I think very important quality is multiplatform with static binaries. Because important use case is, that you can ask modestly informed customer to copy paste one line to donwload server and copy paste another line to have it running. If use case is that both ends have arbitrary clued people, then there are plenty of good solutions, like Cisco's trex[1]. But what I need is iPerf-like program, which actually a) performs and b) reports the correct things.
Yeah agreed so DPDK is out the window for me for this specific requirement, it's Linux only (ignoring the minor level of BSD support) and NIC specific too. Python *yuk* is multi-OS, it has JSON libraries, and it has some support for AF_PACKET: https://stackoverflow.com/questions/1117958/how-do-i-use-raw-socket-in-pytho... I don't know enough about it, but it might be that TPACKETv4 could be leveraged through Python but that still only covers Linux as Windows and MAC have very different network stacks (but then again I do only care about link sooooo...). I'm keen to have another go at this problem now that I've got a better understanding of it having written EtherateMT and played with DPDK etc. Not sure where to go though - so just waiting on TPACKETv4 right now.
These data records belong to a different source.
lemma link_sets_nonempty: "1 \<le> L \<Longrightarrow> link_sets L \<noteq> {}"
  by (auto simp: link_sets_def intro!: exI[of _ "{1}"])

lemma sum_link_rates:
  fixes x :: "nat set \<Rightarrow> real"
  assumes "\<forall>l\<in>{1..L}. r l = (\<Sum>A\<in>{A\<in>link_sets L. l \<in> A}. x A * g l A)" "P \<subseteq> {1..L}"
  shows "(\<Sum>l\<in>P. r l) = (\<Sum>A\<in>link_sets L. x A * (\<Sum>l\<in>P \<inter> A. g l A))"
proof -
  have "finite P" using assms(2) finite_subset by blast
  have "(\<Sum>l\<in>P. r l) = (\<Sum>l\<in>P. \<Sum>A\<in>{A\<in>link_sets L. l \<in> A}. x A * g l A)"
    using assms by (intro sum.cong) auto
  also have "\<dots> = (\<Sum>A\<in>link_sets L. \<Sum>l\<in>{l\<in>P. l \<in> A}. x A * g l A)"
    using \<open>finite P\<close> finite_link_sets by (rule sum.swap_restrict)
  also have "\<dots> = (\<Sum>A\<in>link_sets L. x A * (\<Sum>l\<in>P \<inter> A. g l A))"
    by (simp add: sum_distrib_left Collect_conj_eq)
  finally show ?thesis .
qed

lemma net_flow_eq_net_rate:
  fixes x :: "nat set \<Rightarrow> real"
  assumes "\<forall>l\<in>{1..L}. r l = (\<Sum>A\<in>{A\<in>link_sets L. l \<in> A}. x A * g l A)"
    and "P \<subseteq> {1..L}" "Q \<subseteq> {1..L}"
  shows "(\<Sum>l\<in>P. r l) - (\<Sum>k\<in>Q. r k) = (\<Sum>A\<in>link_sets L. x A * net_rate P Q g A)"
  using sum_link_rates[OF assms(1,2)] sum_link_rates[OF assms(1,3)]
  by (simp add: net_rate_def sum_subtractf right_diff_distrib)

lemma max_min_lp_link_sets:
  fixes N L :: nat and alpha :: "nat \<Rightarrow> real"
  assumes "1 \<le> N" "1 \<le> L" "\<forall>i\<in>{1..N}. 0 < alpha i"
  shows "max_min_lp (link_sets L) {1..N} alpha"
  using assms finite_link_sets link_sets_nonempty by unfold_locales auto

context
  fixes L N :: nat and Inc Out :: "nat \<Rightarrow> nat set" and S :: "nat \<Rightarrow> real" and n :: real
    and Intf :: "nat \<Rightarrow> nat \<Rightarrow> real" and alpha :: "nat \<Rightarrow> real"
  assumes links: "\<forall>i. Inc i \<subseteq> {1..L} \<and> Out i \<subseteq> {1..L}"
    and lp: "max_min_lp (link_sets L) {1..N} alpha"
begin

interpretation max_min_lp "link_sets L" "{1..N}" "\<lambda>i. net_rate (Inc i) (Out i) (gamma S n Intf)" alpha
  by (rule lp)

lemma lp_node_balance_eq_gain:
  assumes "\<forall>l\<in>{1..L}. r l = (\<Sum>A\<in>{A\<in>link_sets L. l \<in> A}. x A * gamma S n Intf l A)"
  shows "(\<Sum>l\<in>Inc i. r l) - (\<Sum>k\<in>Out i. r k) = gain i x"
  using net_flow_eq_net_rate[OF assms] links by (simp add: gain_def)

lemma lp_feasible_imp_feasible:
  assumes "lp_feasible L N Inc Out S n Intf alpha x r dd d"
  shows "feasible x d"
proof -
  have "\<forall>l\<in>{1..L}. r l = (\<Sum>A\<in>{A\<in>link_sets L. l \<in> A}. x A * gamma S n Intf l A)"
    using assms by (simp add: lp_feasible_def)
  from lp_node_balance_eq_gain[OF this] assms show ?thesis
    unfolding feasible_def lp_feasible_def by simp
qed

lemma feasible_imp_lp_feasible:
  assumes "feasible x d"
  shows "lp_feasible L N Inc Out S n Intf alpha x
    (\<lambda>l. \<Sum>A\<in>{A\<in>link_sets L. l \<in> A}. x A * gamma S n Intf l A) (\<lambda>i. gain i x) d"
  using lp_node_balance_eq_gain assms unfolding feasible_def lp_feasible_def by simp

end

theorem theorem1:
  fixes N L :: nat and Gw :: "nat set" and src dst :: "nat \<Rightarrow> nat"
    and S :: "nat \<Rightarrow> real" and n :: real and Intf :: "nat \<Rightarrow> nat \<Rightarrow> real"
    and alpha :: "nat \<Rightarrow> real"
  assumes "N \<ge> 1" and "L \<ge> 1"
    and "finite Gw" and "Gw \<noteq> {}" and "Gw \<inter> {1..N} = {}"
    and "\<forall>l\<in>{1..L}. src l \<in> Gw \<union> {1..N} \<and> dst l \<in> Gw \<union> {1..N}"
    and "\<forall>l\<in>{1..L}. S l > 0" and "n > 0"
    and "\<forall>k\<in>{1..L}. \<forall>l\<in>{1..L}. k \<noteq> l \<longrightarrow> Intf k l \<ge> 0"
    and "\<forall>i\<in>{1..N}. alpha i > 0"
  shows "\<exists>x r dd d.
           lp_optimal L N (\<lambda>i. {l\<in>{1..L}. dst l = i}) (\<lambda>i. {l\<in>{1..L}. src l = i})
             S n Intf alpha x r dd d \<and>
           card {A\<in>link_sets L. x A \<noteq> 0} \<le> N"
proof -
  let ?Inc = "\<lambda>i. {l\<in>{1..L}. dst l = i}" and ?Out = "\<lambda>i. {l\<in>{1..L}. src l = i}"
  have links: "\<forall>i. ?Inc i \<subseteq> {1..L} \<and> ?Out i \<subseteq> {1..L}" by auto
  have lp: "max_min_lp (link_sets L) {1..N} alpha"
    using assms(1,2,10) by (rule max_min_lp_link_sets)
  interpret max_min_lp "link_sets L" "{1..N}" "\<lambda>i. net_rate (?Inc i) (?Out i) (gamma S n Intf)" alpha
    by (rule lp)
  obtain x d where "vertex x d" and optimal: "\<forall>x' d'. feasible x' d' \<longrightarrow> d' \<le> d"
    using optimal_vertex_exists by blast
  then have "feasible x d" unfolding vertex_def by blast
  then have "lp_feasible L N ?Inc ?Out S n Intf alpha x
      (\<lambda>l. \<Sum>A\<in>{A\<in>link_sets L. l \<in> A}. x A * gamma S n Intf l A) (\<lambda>i. gain i x) d"
    by (rule feasible_imp_lp_feasible[OF links lp])
  then have "lp_optimal L N ?Inc ?Out S n Intf alpha x
      (\<lambda>l. \<Sum>A\<in>{A\<in>link_sets L. l \<in> A}. x A * gamma S n Intf l A) (\<lambda>i. gain i x) d"
    unfolding lp_optimal_def using optimal lp_feasible_imp_feasible[OF links lp] by blast
  moreover have "card {A\<in>link_sets L. x A \<noteq> 0} \<le> N"
    using vertex_support_card_le[OF \<open>vertex x d\<close>] by (simp add: support_def)
  ultimately show ?thesis by blast
qed

end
Cheers, James.
On 17/07/2018 5:49 pm, James Bensley wrote:
Also there are SO many variables when testing TCP you MUST test using UDP if you want to just test the network path. Every OS will behave differently with TCP, also with UDP but the variance is a lot lower.
One of the issues I have repeatedly run into is an incorrect burst size set on shaped carriage circuits. In the specific case I have in mind now, I don't recall what the exact figures were - but the carrier side configuration was set by the carrier to be something like a 64k burst on a 20M L3 MPLS circuit. End to end speed testing results both with browsers and with iperf depended enormously on if the test was done with TCP or UDP. Consequently the end customer was unable to get more than 2-3MBit/sec of single stream TCP traffic through the link. The carrier insisted that because we could still get 19+ MBit/sec of UDP then there was no issue. This was the same for all operating systems. The end customer certainly didn't feel that they were getting the 20Mbit circuit they were sold. The carrier view was that as we were able to get 20 TCP streams running concurrently and max out the link that they were providing the service as ordered. After many months of testing and negotiating we were able to get the shaper burst increased temporarily, and the issue completely went away. The customer was able to get over 18MBit/sec of continuous TCP throughput on a single stream. I was told that despite this finding and admission that the burst was indeed way too small, the carrier was going to continue to provision circuits with almost no burst, because this was their "standard configuration". The common belief seemed to be that a burst was a free upgrade for the customer. I was of the alternate view that this parameter was required to be set correctly for TCP to function properly to get their quoted CIR. I'd be very interested in other's thoughts with regards to testing of this. It seems to me that measuring performance with UDP only means that this very critical real-world aspect of a circuit (burst size on a shaper) is not tested, and this seems to be a very common misconfiguration. In my case...seen across multiple carriers over many years and many dozens of hours spent on "faults" related to it. [NB: I've always used the rule of thumb that the L3 burst size should be about 1/8th the Contracted Line Rate, but there seems to be no consensus whatsoever about that...certainly no agreement whatsoever within the carrier world] Reuben
On 17/Jul/18 09:49, James Bensley wrote:
Also I recommend you test to a server on you network near to your peering & transit edge. This way users can test up to the point where you would have over the "The Internet" and have no further control. Testing to a server off-net (like off-net Ookla tells me nothing in my opinion).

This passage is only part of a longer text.